Ahn, Soi; Kim, Hyeon-Su; Byon, Jae-Young; Lim, Hancheol.
Afiliación
  • Ahn S; Environmental Satellite Center (ESC), National Institute of Environmental Research (NIER), 42, Hwangyeong-ro, Seo-gu, Incheon 22689, Republic of Korea.
  • Kim HS; National Meteorological Satellite Center (NMSC), Korea Meteorological Administration (KMA), Jincheon-gun 27803, Republic of Korea.
  • Byon JY; National Meteorological Satellite Center (NMSC), Korea Meteorological Administration (KMA), Jincheon-gun 27803, Republic of Korea.
  • Lim H; National Meteorological Satellite Center (NMSC), Korea Meteorological Administration (KMA), Jincheon-gun 27803, Republic of Korea.

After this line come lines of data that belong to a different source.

lemma add_subgroup_linear_image:
  assumes G: "add_subgroup G" and f: "linear f"
  shows "add_subgroup (f ` G)"
  unfolding add_subgroup_def
proof (intro conjI ballI)
  show "0 \<in> f ` G"
    using add_subgroup_0[OF G] linear_0[OF f] by (metis image_eqI)
next
  fix x y assume "x \<in> f ` G" "y \<in> f ` G"
  then obtain a b where "a \<in> G" "b \<in> G" "x = f a" "y = f b"
    by blast
  then show "x + y \<in> f ` G"
    using add_subgroup_add[OF G] linear_add[OF f] by (metis image_eqI)
next
  fix x assume "x \<in> f ` G"
  then obtain a where "a \<in> G" "x = f a"
    by blast
  then show "- x \<in> f ` G"
    using add_subgroup_uminus[OF G] linear_neg[OF f] by (metis image_eqI)
qed

lemma proj_perp_short_preimage:
  assumes G: "add_subgroup G" and "g \<in> G" "x \<in> G" "norm (proj_perp g x) \<le> 1"
  obtains x' where "x' \<in> G" "norm x' \<le> 1 + norm g" "proj_perp g x' = proj_perp g x"
proof -
  define c where "c = x \<bullet> g / (g \<bullet> g)"
  define x' where "x' = x - of_int \<lfloor>c + 1 / 2\<rfloor> *\<^sub>R g"
  have "x' \<in> G"
    unfolding x'_def using assms add_subgroup_diff add_subgroup_scaleR_of_int by blast
  moreover have "norm x' \<le> 1 + norm g"
  proof -
    have "x' = proj_perp g x + (c - of_int \<lfloor>c + 1 / 2\<rfloor>) *\<^sub>R g"
      unfolding x'_def proj_perp_def c_def by (simp add: algebra_simps)
    then have "norm x' \<le> norm (proj_perp g x) + norm ((c - of_int \<lfloor>c + 1 / 2\<rfloor>) *\<^sub>R g)"
      by (metis norm_triangle_ineq)
    also have "\<dots> = norm (proj_perp g x) + \<bar>c - of_int \<lfloor>c + 1 / 2\<rfloor>\<bar> * norm g"
      by simp
    also have "\<dots> \<le> 1 + 1 * norm g"
      using assms(4) by (intro add_mono mult_right_mono) (simp, linarith, simp)
    finally show ?thesis
      by simp
  qed
  moreover have "proj_perp g x' = proj_perp g x"
    unfolding x'_def by (rule proj_perp_diff_scaleR)
  ultimately show ?thesis
    using that by blast
qed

Sensors (Basel) ; 24(5)2024 Feb 25.
Article en En | MEDLINE | ID: mdl-38475026
ABSTRACT
The Advanced Meteorological Image (AMI) onboard GEOKOMPSAT 2A (GK-2A) enables the retrieval of dust aerosol optical depth (DAOD) from geostationary satellites using infrared (IR) channels. IR observations allow the retrieval of DAOD and the dust layer altitude (24 h) over surface properties, particularly over deserts. In this study, dust events in northeast Asia from 2020 to 2021 were investigated using five GK-2A thermal IR bands (8.7, 10.5, 11.4, 12.3, and 13.3 µm). For the dust cloud, the brightness temperature differences (BTDs) of 10.5 and 12.3 µm were consistently negative, while the BTD of 8.7 and 10.5 µm varied based on the dust intensity. This study exploited these optical properties to develop a physical approach for DAOD lookup tables (LUTs) using IR channels to retrieve the DAOD. To this end, the characteristics of thermal radiation transfer were simulated using the forward model; dust aerosols were explained by BTD (10.5, 12.3 µm)-an intrinsic characteristic of dust aerosol. The DAOD and dust properties were gained from a brightness temperature (BT) of 10.5 µm and BTD of 10.5, 12.3 µm. Additionally, the cumulative distribution function (CDF) was employed to strengthen the continuity of 24-h DAOD. The CDF was applied to the algorithm by calculating the conversion value coefficient for the DAOD error correction of the IR, with daytime visible aerosol optical depth as the true value. The results show that the DAOD product can be successfully applied during the daytime and nighttime to continuously monitor the flow of yellow dust from the GK-2A satellite in northeast Asia. In particular, the validation results for IR DAOD were similar to the active satellite product (CALIPSO/CALIOP) results, which exhibited a tendency similar to that for IR DAOD at night.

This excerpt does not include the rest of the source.